Data supplied:
****************************************

definition min_cost :: "nat \<Rightarrow> real" where
  "min_cost k = Min {cost k A | A. is_assignment k A}"

definition min_sym_cost :: "nat \<Rightarrow> real" where
  "min_sym_cost k = Min {cost k A | A. is_assignment k A \<and> is_symmetric k A}"

end

theory Submission
  imports Defs
begin

text \<open>
  In a symmetric assignment column i contributes exactly what row i does, so the cost is
  twice the sum of the row costs \<open>\<phi>(k - a(j,j)) + \<Sum>\<^sub>l\<^sub>\<noteq>\<^sub>j \<phi>(a(j,l))\<close>, where
  \<open>a(j,l) = |A\<^sub>l \<inter> R\<^sub>j|\<close>. If some \<open>a(j,l)\<close> with \<open>l \<noteq> j\<close> exceeds \<open>k - \<gamma>/2\<close>, row j pays
  at least \<open>2(k - \<gamma>)\<close> plus twice the number of its cells \<open>(j,i)\<close> that go to the terminal i.
  Otherwise row j is light and pays at least \<open>2(k - \<gamma>) + \<gamma>\<close>, less twice the number of cells
  it keeps in heavy columns and twice the excess over \<open>\<gamma>/2 - 1\<close> of the number it keeps in
  light columns. By symmetry a cell \<open>(j,i)\<close> that a light row keeps in a heavy column i is a
  cell \<open>(i,j)\<close> that row i gives to the terminal j, so these terms cancel; and no two
  terminals keep both \<open>(i,j)\<close> and \<open>(j,i)\<close>, so the cells kept among light rows form a
  tournament. What remains is a quadratic in the numbers of light and of excessive rows,
  which is \<open>O(k)\<close> because \<open>\<gamma> \<approx> (4 - 2\<surd>3)k\<close> is a root of \<open>\<gamma>\<^sup>2 - 8k\<gamma> + 4k\<^sup>2\<close>.
  Hence every symmetric assignment costs at least \<open>4k(k - \<gamma>) - O(k)\<close>, whereas giving every
  terminal its row costs at most \<open>k(2k - \<gamma>)\<close>.
\<close>

lemma Row_eq: "Row k i = {i} \<times> {1..k}"
  unfolding Row_def by auto

lemma Col_eq: "Col k i = {1..k} \<times> {i}"
  unfolding Col_def by auto

lemma card_Row: "card (Row k i) = k"
  by (simp add: Row_eq card_cartesian_product)

lemma card_Col: "card (Col k i) = k"
  by (simp add: Col_eq card_cartesian_product)

lemma phi_eq_self: "t \<le> real k - gam k / 2 \<Longrightarrow> phi k t = t"
  unfolding phi_def by simp

lemma phi_eq_reflected: "real k - gam k / 2 < t \<Longrightarrow> phi k t = 2 * real k - t - gam k"
  unfolding phi_def by simp

lemma phi_le_self: "phi k t \<le> t"
  unfolding phi_def by auto

lemma phi_le_reflected: "phi k t \<le> 2 * real k - t - gam k"
  unfolding phi_def by auto

lemma phi_nonneg: "0 \<le> t \<Longrightarrow> t \<le> real k \<Longrightarrow> gam k \<le> real k \<Longrightarrow> 0 \<le> phi k t"
  unfolding phi_def by auto

lemma phi_pos: "1 \<le> t \<Longrightarrow> t \<le> real k \<Longrightarrow> gam k < real k \<Longrightarrow> 0 < phi k t"
  unfolding phi_def by auto

lemma assignment_subset: "is_assignment k A \<Longrightarrow> l \<in> {1..k} \<Longrightarrow> A l \<subseteq> Vset k"
  unfolding is_assignment_def by blast

lemma assignment_unique:
  "is_assignment k A \<Longrightarrow> l \<in> {1..k} \<Longrightarrow> m \<in> {1..k} \<Longrightarrow> p \<in> A l \<Longrightarrow> p \<in> A m \<Longrightarrow> l = m"
  unfolding is_assignment_def by blast

lemma assignment_diag_iff:
  "is_assignment k A \<Longrightarrow> l \<in> {1..k} \<Longrightarrow> i \<in> {1..k} \<Longrightarrow> (i, i) \<in> A l \<longleftrightarrow> l = i"
  using assignment_unique[of k A l i "(i, i)"] unfolding is_assignment_def by blast

lemma assignment_cover: "is_assignment k A \<Longrightarrow> p \<in> Vset k \<Longrightarrow> \<exists>l\<in>{1..k}. p \<in> A l"
  unfolding is_assignment_def by blast

lemma symmetric_swap_iff:
  "is_symmetric k A \<Longrightarrow> i \<in> {1..k} \<Longrightarrow> j \<in> {1..k} \<Longrightarrow> l \<in> {1..k} \<Longrightarrow> (i, j) \<in> A l \<longleftrightarrow> (j, i) \<in> A l"
  unfolding is_symmetric_def by blast

lemma finite_costs: "finite {cost k A | A. is_assignment k A}"
proof -
  let ?F = "{f. \<forall>l. (l \<in> {1..k} \<longrightarrow> f l \<in> Pow (Vset k)) \<and> (l \<notin> {1..k} \<longrightarrow> f l = {})}"
  have "{cost k A | A. is_assignment k A} \<subseteq> cost k ` ?F"
  proof
    fix c assume "c \<in> {cost k A | A. is_assignment k A}"
    then obtain A where A: "is_assignment k A" "c = cost k A" by blast
    have "cost k A = cost k (\<lambda>l. if l \<in> {1..k} then A l else {})"
      unfolding cost_def by (intro sum.cong) auto
    moreover have "(\<lambda>l. if l \<in> {1..k} then A l else {}) \<in> ?F"
      using assignment_subset[OF A(1)] by auto
    ultimately show "c \<in> cost k ` ?F" using A(2) by blast
  qed
  moreover have "finite ?F" by (intro finite_set_of_finite_funs) (auto simp: Vset_def)
  ultimately show ?thesis using finite_surj by blast
qed

lemma Min_cost_attained:
  assumes "Q A0" "\<And>A. Q A \<Longrightarrow> is_assignment k A"
  shows "\<exists>A. Q A \<and> Min {cost k A | A. Q A} = cost k A"
proof -
  have "finite {cost k A | A. Q A}" by (rule finite_subset[OF _ finite_costs]) (use assms(2) in blast)
  moreover have "{cost k A | A. Q A} \<noteq> {}" using assms(1) by blast
  ultimately have "Min {cost k A | A. Q A} \<in> {cost k A | A. Q A}" by (rule Min_in)
  thus ?thesis by blast
qed

lemma Min_cost_le:
  assumes "Q A" "\<And>A. Q A \<Longrightarrow> is_assignment k A"
  shows "Min {cost k A | A. Q A} \<le> cost k A"
  by (rule Min_le[OF finite_subset[OF _ finite_costs]]) (use assms in blast)+

subsection \<open>Row costs\<close>

definition row_count :: "nat \<Rightarrow> (nat \<Rightarrow> (nat \<times> nat) set) \<Rightarrow> nat \<Rightarrow> nat \<Rightarrow> nat" where
  "row_count k A j l = card (A l \<inter> Row k j)"

definition row_cost :: "nat \<Rightarrow> (nat \<Rightarrow> (nat \<times> nat) set) \<Rightarrow> nat \<Rightarrow> real" where
  "row_cost k A j = (\<Sum>l\<in>{1..k} - {j}. phi k (row_count k A j l)) + phi k (real k - row_count k A j j)"

lemma sum_row_count:
  assumes asg: "is_assignment k A" and j: "j \<in> {1..k}"
  shows "(\<Sum>l\<in>{1..k}. row_count k A j l) = k"
proof -
  have "card (Row k j) = card (\<Union>l\<in>{1..k}. A l \<inter> Row k j)"
    using assignment_cover[OF asg] j unfolding Row_eq Vset_def by (intro arg_cong[where f = card]) blast
  also have "\<dots> = (\<Sum>l\<in>{1..k}. card (A l \<inter> Row k j))"
    by (rule card_UN_disjoint) (use assignment_unique[OF asg] in \<open>auto simp: Row_eq\<close>)
  finally show ?thesis unfolding row_count_def card_Row by simp
qed

lemma gfun_Row_part:
  assumes "is_assignment k A" "i \<in> {1..k}" "l \<in> {1..k}"
  shows "gfun k i (A l \<inter> Row k i) =
    (if l = i then phi k (real k - row_count k A i i) else phi k (row_count k A i l))"
  using assignment_diag_iff[OF assms(1,3,2)] assms(2)
  unfolding gfun_def row_count_def by (auto simp: Row_eq)

lemma sum_gfun_Row_eq_row_cost:
  assumes asg: "is_assignment k A" and i: "i \<in> {1..k}"
  shows "(\<Sum>l\<in>{1..k}. gfun k i (A l \<inter> Row k i)) = row_cost k A i"
proof -
  have "(\<Sum>l\<in>{1..k}. gfun k i (A l \<inter> Row k i))
      = gfun k i (A i \<inter> Row k i) + (\<Sum>l\<in>{1..k} - {i}. gfun k i (A l \<inter> Row k i))"
    using i by (simp add: sum.remove)
  also have "\<dots> = row_cost k A i"
    unfolding row_cost_def using gfun_Row_part[OF asg i] i by (simp add: add.commute)
  finally show ?thesis .
qed

lemma symmetric_Col_part:
  assumes sym: "is_symmetric k A" and "i \<in> {1..k}" "l \<in> {1..k}"
  shows "A l \<inter> Col k i = prod.swap ` (A l \<inter> Row k i)"
proof (intro equalityI subsetI)
  fix p assume "p \<in> A l \<inter> Col k i"
  then obtain a where "p = (a, i)" "a \<in> {1..k}" "(a, i) \<in> A l" by (auto simp: Col_eq)
  thus "p \<in> prod.swap ` (A l \<inter> Row k i)"
    using symmetric_swap_iff[OF sym] assms by (intro image_eqI[where x = "(i, a)"]) (auto simp: Row_eq)
next
  fix p assume "p \<in> prod.swap ` (A l \<inter> Row k i)"
  then obtain a where "p = (a, i)" "a \<in> {1..k}" "(i, a) \<in> A l" by (auto simp: Row_eq)
  thus "p \<in> A l \<inter> Col k i" using symmetric_swap_iff[OF sym] assms by (auto simp: Col_eq)
qed

lemma gfun_Col_eq_Row:
  assumes "is_symmetric k A" "i \<in> {1..k}" "l \<in> {1..k}"
  shows "gfun k i (A l \<inter> Col k i) = gfun k i (A l \<inter> Row k i)"
proof -
  have "card (A l \<inter> Col k i) = card (A l \<inter> Row k i)"
    using symmetric_Col_part[OF assms] by (simp add: card_image)
  moreover have "(i, i) \<in> A l \<inter> Col k i \<longleftrightarrow> (i, i) \<in> A l \<inter> Row k i"
    using assms(2) by (auto simp: Row_eq Col_eq)
  ultimately show ?thesis unfolding gfun_def by simp
qed

lemma cost_symmetric:
  assumes asg: "is_assignment k A" and sym: "is_symmetric k A"
  shows "cost k A = 2 * (\<Sum>j\<in>{1..k}. row_cost k A j)"
proof -
  have "cost k A = (\<Sum>l\<in>{1..k}. 2 * (\<Sum>i\<in>{1..k}. gfun k i (A l \<inter> Row k i)))"
    unfolding cost_def fcut_def using gfun_Col_eq_Row[OF sym] by (intro sum.cong) auto
  also have "\<dots> = 2 * (\<Sum>i\<in>{1..k}. \<Sum>l\<in>{1..k}. gfun k i (A l \<inter> Row k i))"
    by (simp add: sum_distrib_left[symmetric], subst sum.swap, simp)
  also have "\<dots> = 2 * (\<Sum>j\<in>{1..k}. row_cost k A j)"
    using sum_gfun_Row_eq_row_cost[OF asg] by simp
  finally show ?thesis .
qed

subsection \<open>Heavy and light rows\<close>

definition kept_cols :: "(nat \<Rightarrow> (nat \<times> nat) set) \<Rightarrow> nat \<Rightarrow> nat set \<Rightarrow> nat set" where
  "kept_cols A j X = {i \<in> X. i \<noteq> j \<and> (j, i) \<in> A j}"

definition given_cols :: "(nat \<Rightarrow> (nat \<times> nat) set) \<Rightarrow> nat \<Rightarrow> nat set \<Rightarrow> nat set" where
  "given_cols A j X = {i \<in> X. i \<noteq> j \<and> (j, i) \<in> A i}"

lemma row_count_diag:
  assumes asg: "is_assignment k A" and j: "j \<in> {1..k}"
  shows "row_count k A j j = 1 + card (kept_cols A j {1..k})"
proof -
  have "A j \<inter> Row k j = insert (j, j) (Pair j ` kept_cols A j {1..k})"
    using assignment_subset[OF asg j] assignment_diag_iff[OF asg j j] j
    unfolding kept_cols_def Row_eq Vset_def by auto
  moreover have "(j, j) \<notin> Pair j ` kept_cols A j {1..k}" unfolding kept_cols_def by auto
  ultimately show ?thesis
    unfolding row_count_def by (simp add: card_image inj_on_def kept_cols_def)
qed

lemma card_kept_cols_Un:
  assumes "finite N" "finite G" "N \<inter> G = {}"
  shows "card (kept_cols A j (N \<union> G)) = card (kept_cols A j N) + card (kept_cols A j G)"
proof -
  have "kept_cols A j (N \<union> G) = kept_cols A j N \<union> kept_cols A j G" unfolding kept_cols_def by auto
  thus ?thesis using assms unfolding kept_cols_def by (simp add: card_Un_disjoint disjoint_iff)
qed

lemma row_count_add_card_given_cols_le:
  assumes asg: "is_assignment k A" and j: "j \<in> {1..k}" and L: "L \<in> {1..k}" "L \<noteq> j"
    and N: "N \<subseteq> {1..k}"
  shows "row_count k A j L + card (given_cols A j N) \<le> k"
proof -
  \<comment> \<open>The cell \<open>(j,j)\<close> stands in for \<open>(j,L)\<close>, which may lie both in \<open>A L\<close> and among the given cells.\<close>
  let ?T = "insert (j, j) (Pair j ` (given_cols A j N - {L}))"
  have finN: "finite N" using finite_subset[OF N] by simp
  have fin_given: "finite (given_cols A j N)" unfolding given_cols_def using finN by auto
  have "card (given_cols A j N) \<le> card (given_cols A j N - {L}) + 1"
    using fin_given card_Suc_Diff1[OF fin_given, of L] by (cases "L \<in> given_cols A j N") auto
  also have "\<dots> = card ?T"
  proof -
    have "(j, j) \<notin> Pair j ` (given_cols A j N - {L})" by (auto simp: given_cols_def)
    thus ?thesis using fin_given by (simp add: card_image inj_on_def)
  qed
  finally have "row_count k A j L + card (given_cols A j N) \<le> card (A L \<inter> Row k j) + card ?T"
    unfolding row_count_def by simp
  also have "\<dots> = card ((A L \<inter> Row k j) \<union> ?T)"
  proof (rule card_Un_disjoint[symmetric])
    show "(A L \<inter> Row k j) \<inter> ?T = {}"
      using assignment_diag_iff[OF asg L(1) j] assignment_unique[OF asg _ L(1)] L(2) N
      unfolding given_cols_def by fastforce
  qed (use fin_given in \<open>auto simp: Row_eq\<close>)
  also have "\<dots> \<le> card (Row k j)"
    by (rule card_mono) (use N j in \<open>auto simp: Row_eq given_cols_def\<close>)
  finally show ?thesis by (simp add: card_Row)
qed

****************************************

Task statement: Repeat exactly the lines above from the one with "thus ?thesis by blast" up to and including the one with "subsection \<open>Row costs\<close>". No other line belongs in the reply.

Answer for the task:
  thus ?thesis by blast
qed

lemma Min_cost_le:
  assumes "Q A" "\<And>A. Q A \<Longrightarrow> is_assignment k A"
  shows "Min {cost k A | A. Q A} \<le> cost k A"
  by (rule Min_le[OF finite_subset[OF _ finite_costs]]) (use assms in blast)+

subsection \<open>Row costs\<close>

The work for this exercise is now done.